§ **About this task**
Output the line that contains "imports Complex_Main" and each line after it in the listing, exactly as they appear, through the very last line.

::::::

(* Let $(L,[\cdot,\cdot],\{\cdot,\cdot,\cdot\},\alpha)$ be a Hom-Lie-Yamaguti algebra over a field $\mathbb{K}$. Then the coboundary operators are well defined, i.e.: (1) if $f\in HomC^1(L,L)$, then $\delta_I^1 f\in HomC^2(L,L)$ and $\delta_{II}^1 f\in HomC^3(L,L)$; (2) if $(f,g)\in HomC^2(L,L)\times HomC^3(L,L)$, then $\delta_I^2(f,g)\in HomC^4(L,L)$ and $\delta_{II}^2 g\in HomC^5(L,L)$; (3) if $(f,g)\in HomC^4(L,L)\times HomC^5(L,L)$, then $\delta_I^3(f,g)\in HomC^6(L,L)$ and $\delta_{II}^3 g\in HomC^7(L,L)$.
   Context: A Hom-Lie-Yamaguti algebra (HLYA) is a quadruple $(L,[\cdot,\cdot],\{\cdot,\cdot,\cdot\},\alpha)$ where $L$ is a vector space over a field $\mathbb{K}$, $[\cdot,\cdot]$ is a bilinear and $\{\cdot,\cdot,\cdot\}$ a trilinear operation on $L$ (written $[xy]$, $\{xyz\}$), and $\alpha:L\to L$ is linear, such that for all $x,y,z,u,v\in L$: $\alpha([xy])=[\alpha(x)\alpha(y)]$; $\alpha(\{xyz\})=\{\alpha(x)\alpha(y)\alpha(z)\}$; $[xx]=0$; $\{xxy\}=0$; $\circlearrowleft_{x,y,z}([[xy]\alpha(z)]+\{xyz\})=0$; $\circlearrowleft_{x,y,z}\{[xy]\alpha(z)\alpha(u)\}=0$; $\{\alpha(x)\alpha(y)[uv]\}=[\{xyu\}\alpha^2(v)]+[\alpha^2(u)\{xyv\}]$; $\{\alpha^2(u)\alpha^2(v)\{xyz\}\}=\{\{uvx\}\alpha^2(y)\alpha^2(z)\}+\{\alpha^2(x)\{uvy\}\alpha^2(z)\}+\{\alpha^2(x)\alpha^2(y)\{uvz\}\}$. Here $\circlearrowleft_{x,y,z}$ denotes the sum over cyclic permutations of $x,y,z$. For $n\ge1$, $HomC^n(L,L)$ is the set of $n$-linear maps $f:L^n\to L$ such that $f(x_1,\dots,x_n)=0$ whenever $x_{2i-1}=x_{2i}$ for some $i$ (with $2i\le n$), and $f(\alpha(x_1),\dots,\alpha(x_n))=\alpha(f(x_1,\dots,x_n))$. Coboundary operators: For $f\in HomC^1(L,L)$: $\delta_I^1 f(x,y)=[xf(y)]+[f(x)y]-f([xy])$, $\delta_{II}^1 f(x,y,z)=\{f(x)yz\}+\{xf(y)z\}+\{xyf(z)\}-f(\{xyz\})$. For $f\in HomC^2(L,L)$, $g\in HomC^3(L,L)$: $\delta_I^2(f,g)(x,y,z,u)=\{\alpha(x)\alpha(y)f(z,u)\}-f(\{xyz\},\alpha^2(u))-f(\alpha^2(z),\{xyu\})+g(\alpha(x),\alpha(y),[zu])-[\alpha^2(z)g(x,y,u)]-[g(x,y,z)\alpha^2(u)]$, and $\delta_{II}^2 g(x,y,u,v,w)=\{\alpha^2(x)\alpha^2(y)g(u,v,w)\}-\{g(x,y,u)\alpha^2(v)\alpha^2(w)\}-\{\alpha^2(u)g(x,y,v)\alpha^2(w)\}-\{\alpha^2(u)\alpha^2(v)g(x,y,w)\}+g(\alpha^2(x),\alpha^2(y),\{uvw\})-g(\{xyu\},\alpha^2(v),\alpha^2(w))-g(\alpha^2(u),\{xyv\},\alpha^2(w))-g(\alpha^2(u),\alpha^2(v),\{xyw\})$. For $f\in HomC^4(L,L)$, $g\in HomC^5(L,L)$: $\delta_I^3(f,g)(x_1,\dots,x_6)=\{\alpha^3(x_1)\alpha^3(x_2)f(x_3,x_4,x_5,x_6)\}-\{\alpha^3(x_3)\alpha^3(x_4)f(x_1,x_2,x_5,x_6)\}+\sum_{k=1}^2\sum_{i=2k+1}^6(-1)^k f(\alpha^2(x_1),\dots,\widehat{\alpha^2(x_{2k-1})},\widehat{\alpha^2(x_{2k})},\dots,\{x_{2k-1}x_{2k}x_i\},\dots,\alpha^2(x_6))-g(\alpha(x_1),\dots,\alpha(x_4),[x_5x_6])+[\alpha^4(x_5)g(x_1,\dots,x_4,x_6)]+[g(x_1,\dots,x_5)\alpha^4(x_6)]$, $\delta_{II}^3 g(x_1,\dots,x_7)=\sum_{k=1}^3(-1)^{k+1}\{\alpha^4(x_{2k-1})\alpha^4(x_{2k})g(x_1,\dots,\widehat{x_{2k-1}},\widehat{x_{2k}},\dots,x_7)\}+\sum_{k=1}^3\sum_{i=2k+1}^7(-1)^k g(\alpha^2(x_1),\dots,\widehat{\alpha^2(x_{2k-1})},\widehat{\alpha^2(x_{2k})},\dots,\{x_{2k-1}x_{2k}x_i\},\dots,\alpha^2(x_7))+\{g(x_1,\dots,x_5)\alpha^4(x_6)\alpha^4(x_7)\}-\{g(x_1,\dots,x_4,x_6)\alpha^4(x_5)\alpha^4(x_7)\}$. A hat means the entry is omitted; in the double sums the arguments are $\alpha^2(x_j)$ for all $j\notin\{2k-1,2k\}$ in increasing order, except that the entry in position of $x_i$ is replaced by $\{x_{2k-1}x_{2k}x_i\}$. *)

theory Defs
  imports Complex_Main
begin

text \<open>The underlying vector space L over a field K is given by a scalar multiplication
  scale :: K => L => L satisfying the vector_space locale axioms. n-linear maps
  L^n -> L are represented as functions on lists of length n (values on lists of
  other lengths are irrelevant). Positions are 1-based in the comments, 0-based in lists.\<close>

definition multilin :: "('k::field \<Rightarrow> 'v::ab_group_add \<Rightarrow> 'v) \<Rightarrow> nat \<Rightarrow> ('v list \<Rightarrow> 'v) \<Rightarrow> bool" where
  "multilin scale n f \<longleftrightarrow>
     (\<forall>xs i. length xs = n \<and> i < n \<longrightarrow> Vector_Spaces.linear scale scale (\<lambda>y. f (xs[i := y])))"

::::::

§ **Answer for the task**
  imports Complex_Main
begin

text \<open>The underlying vector space L over a field K is given by a scalar multiplication
  scale :: K => L => L satisfying the vector_space locale axioms. n-linear maps
  L^n -> L are represented as functions on lists of length n (values on lists of
  other lengths are irrelevant). Positions are 1-based in the comments, 0-based in lists.\<close>

definition multilin :: "('k::field \<Rightarrow> 'v::ab_group_add \<Rightarrow> 'v) \<Rightarrow> nat \<Rightarrow> ('v list \<Rightarrow> 'v) \<Rightarrow> bool" where
  "multilin scale n f \<longleftrightarrow>
     (\<forall>xs i. length xs = n \<and> i < n \<longrightarrow> Vector_Spaces.linear scale scale (\<lambda>y. f (xs[i := y])))"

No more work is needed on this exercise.